Hey Akshay, the rating prediction was an add-on thing with the recommendation part. I implemented the rating prediction to check if the similar items were in the same range as the main item in terms of rating. If the difference is too big then there is something which is not considered and the system is giving erroneous results. Yes, I am aware about the various similarity techniques out there, Cosine Similarity is a rather easy to understand and is a fundamental technique.
Hey Akshay, the rating prediction was an additional thing to the recommendation system. Idea behind it was to check that the recommendations are not too far away from the original item in terms of rating. If the difference is big, it means we missed out on considering something. Yes, I am aware of other techniques used in Recommendation Algorithms, but Cosine Similarity is rather easy-to-understand and is a fundamental Similarity technique.
Hey Akshay, thank you for your feedback. The idea behind Rating Prediction was to verify that the movies that are recommended are in the same range as the primary movie in terms of ratings. If the difference between predicted and actual rating is too much, it means that the recommendations are not correctly attributed. I believe we could do more with the rating prediction alone by using different Machine Learning algorithms, but that would be a different project altogether. Yes, I am aware of other similarity techniques out there, I chose Cosine Similarity because it is easy-to-understand and is a fundamental technique.

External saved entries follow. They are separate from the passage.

lemma coalescent_add_mult_pred: "coalescent v (v + q * (b - 1))"
proof -
  define x where "x = v * b ^ (q * b) + q"
  have "q * b < b ^ (q * b)" by (rule less_base_power)
  moreover have "q \<le> q * b" using base_ge_2 by simp
  ultimately have "q < b ^ (q * b)" by linarith
  have "q + q * (b - 1) = q * b" using base_ge_2 by (cases b) simp_all
  then have "T e b (x + q * (b - 1)) = T e b (v * b ^ (q * b) + q * b)"
    unfolding x_def by (simp only: add.assoc)
  also have "\<dots> = T e b v + T e b q"
    using T_concat[OF \<open>q * b < b ^ (q * b)\<close>] T_mult_base_power[of q 1] by simp
  also have "\<dots> = T e b x"
    unfolding x_def using T_concat[OF \<open>q < b ^ (q * b)\<close>] by simp
  finally have "T e b (x + q * (b - 1)) = T e b x" .
  moreover have "v \<le> x" unfolding x_def using le_mult_base_power trans_le_add1 by blast
  ultimately show ?thesis using coalescent_add_if_coalescent_T coalescent.refl by metis
qed

lemma coalescent_add_if_dvd_T:
  assumes "(b - 1) dvd T e b N"
  shows "coalescent w (w + N)"
proof -
  obtain q where q: "T e b N = q * (b - 1)" using assms by (metis dvd_def mult.commute)
  define x where "x = w * b ^ N"
  have "T e b x = T e b w" unfolding x_def by (rule T_mult_base_power)
  moreover have "T e b (x + N) = T e b w + q * (b - 1)"
    unfolding x_def using T_concat less_base_power q by simp
  moreover have "w \<le> x" unfolding x_def by (rule le_mult_base_power)
  ultimately show ?thesis using coalescent_add_if_coalescent_T coalescent_add_mult_pred by metis
qed

definition T_excess :: "int set" where
  "T_excess = {i. \<exists>z. [int (T e b z) - int z = i] (mod int (b - 1))}"

lemma T_excess_add:
  assumes "i \<in> T_excess" and "j \<in> T_excess"
  shows "i + j \<in> T_excess"
proof -
  obtain x y where x: "[int (T e b x) - int x = i] (mod int (b - 1))"
    and y: "[int (T e b y) - int y = j] (mod int (b - 1))"
    using assms unfolding T_excess_def by blast
  define z where "z = y * b ^ x + x"
  have "T e b z = T e b y + T e b x" unfolding z_def using T_concat less_base_power by simp
  moreover have "[b ^ x = 1] (mod (b - 1))"
    using cong_pow[of b 1 "b - 1" x] base_ge_2 by (simp add: cong_altdef_nat)
  then have "[z = y * 1 + x] (mod (b - 1))" unfolding z_def by (intro cong_add cong_mult cong_refl)
  then have "[int z = int y + int x] (mod int (b - 1))"
    using cong_int_iff[of z "y * 1 + x" "b - 1"] by simp
  ultimately have "[int (T e b z) - int z = (int (T e b y) - int y) + (int (T e b x) - int x)]
      (mod int (b - 1))"
    using cong_diff[OF cong_refl[of "int (T e b z)"]] by (simp add: algebra_simps)
  also have "[(int (T e b y) - int y) + (int (T e b x) - int x) = j + i] (mod int (b - 1))"
    by (rule cong_add[OF y x])
  finally show ?thesis unfolding T_excess_def by (auto simp: add.commute)
qed

lemma digit_power_minus_in_T_excess:
  assumes "\<delta> < b"
  shows "int (\<delta> ^ e) - int \<delta> \<in> T_excess"
  using T_digit[OF assms] unfolding T_excess_def by (auto intro!: exI[of _ \<delta>])

lemma exists_T_add_cong:
  assumes "coprime b k"
  shows "\<exists>z'. [z' = z + m] (mod k) \<and> T e b z' = T e b z + m"
proof (induction m)
  case (Suc m)
  then obtain z' where z': "[z' = z + m] (mod k)" "T e b z' = T e b z + m" by blast
  have "k > 0" using assms base_ge_2 by (cases "k = 0") auto
  \<comment> \<open>A leading digit \<open>1\<close> at position \<open>L\<close> adds \<open>1\<close> both to \<open>T\<close> and,
    as \<open>[b ^ L = 1] (mod k)\<close>, to the residue modulo \<open>k\<close>.\<close>
  define L where "L = totient k * z'"
  have "z' \<le> L" unfolding L_def using \<open>k > 0\<close> by (simp add: Suc_le_eq)
  then have "b ^ z' \<le> b ^ L" using base_ge_2 by (simp add: power_increasing)
  then have "z' < b ^ L" using less_base_power[of z'] by linarith
  then have "T e b (1 * b ^ L + z') = T e b z' + 1"
    using T_concat[of z' L 1] by (simp only: T_one add.commute)
  then have "T e b (1 * b ^ L + z') = T e b z + Suc m" using z'(2) by simp
  moreover have "[b ^ L = 1] (mod k)"
    using cong_pow[OF euler_theorem[of b k], of z'] assms by (simp add: L_def power_mult)
  then have "[1 * b ^ L + z' = z + Suc m] (mod k)"
    using cong_add[OF \<open>[b ^ L = 1] (mod k)\<close> z'(1)] by simp
  ultimately show ?case by blast
qed (auto intro: cong_refl)

context
  assumes exponent_cond: "\<forall>p. prime p \<and> p dvd (b - 1) \<longrightarrow> \<not> [e = 1] (mod (p - 1))"
begin

lemma T_excess_eq_UNIV: "T_excess = UNIV"
proof (rule additive_cong_closed_eq_UNIV)
  show "0 \<in> T_excess" unfolding T_excess_def by (auto intro!: exI[of _ 0])
next
  fix p :: nat
  assume "prime p" and "int p dvd int (b - 1)"
  then have "p dvd b - 1" by simp
  then obtain \<delta> where "\<delta> \<in> {1..<p}" and not_cong: "\<not> [\<delta> ^ e = \<delta>] (mod p)"
    using prime_exists_power_not_cong_self \<open>prime p\<close> exponent_cond by blast
  moreover have "p \<le> b - 1" using \<open>p dvd b - 1\<close> base_ge_2 by (simp add: dvd_imp_le)
  ultimately have "int (\<delta> ^ e) - int \<delta> \<in> T_excess" by (intro digit_power_minus_in_T_excess) auto
  moreover have "\<not> int p dvd int (\<delta> ^ e) - int \<delta>"
    using not_cong by (simp add: cong_int_iff[symmetric] cong_iff_dvd_diff)
  ultimately show "\<exists>i\<in>T_excess. \<not> int p dvd i" by blast
qed (use base_ge_2 T_excess_add in \<open>auto simp: T_excess_def intro: cong_trans\<close>)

I still confuse with different between Item-Item Collaborative Filtering with conten base filtering.
Hello DATNGUYEN, in Item-Item Collaborative Filtering you are talking about getting recommendations of the "items which are similar" to the item you are looking at. On the other hand, Content Based Filtering uses keywords used to describe the product along with the user profile who is searching it to give recommendations. Consider the item to be a Toothbrush. In Item-Item Collaborative Filtering you would get recommendations of brushes of other brands, whereas in Content Based Filtering you would a suggestion of a Toothpaste, or dental floss. Hope that helps :)
Hey DAITNGUYEN, in Item-Item Collaborative Filtering the recommendations are solely based on items which are similar to the current item. On the other hand, in Content Based Filtering, the recommendations are based on the keywords used to describe the product as well as the previous profile of the user. For example, if the current item is a toothbrush, in Item-Item Collaborative Filtering you will get a recommendation of a toothbrush from another brand; whereas in Content Based Filtering, you will get the recommendation of a toothpaste because they will have similar keywords.
Hi, I tried out your code and actually understood most of it. Thanks! But towards the end, it says the variable 'new_id' is not found. I was not able to figure out where exactly we defined it. It would be great if you could help.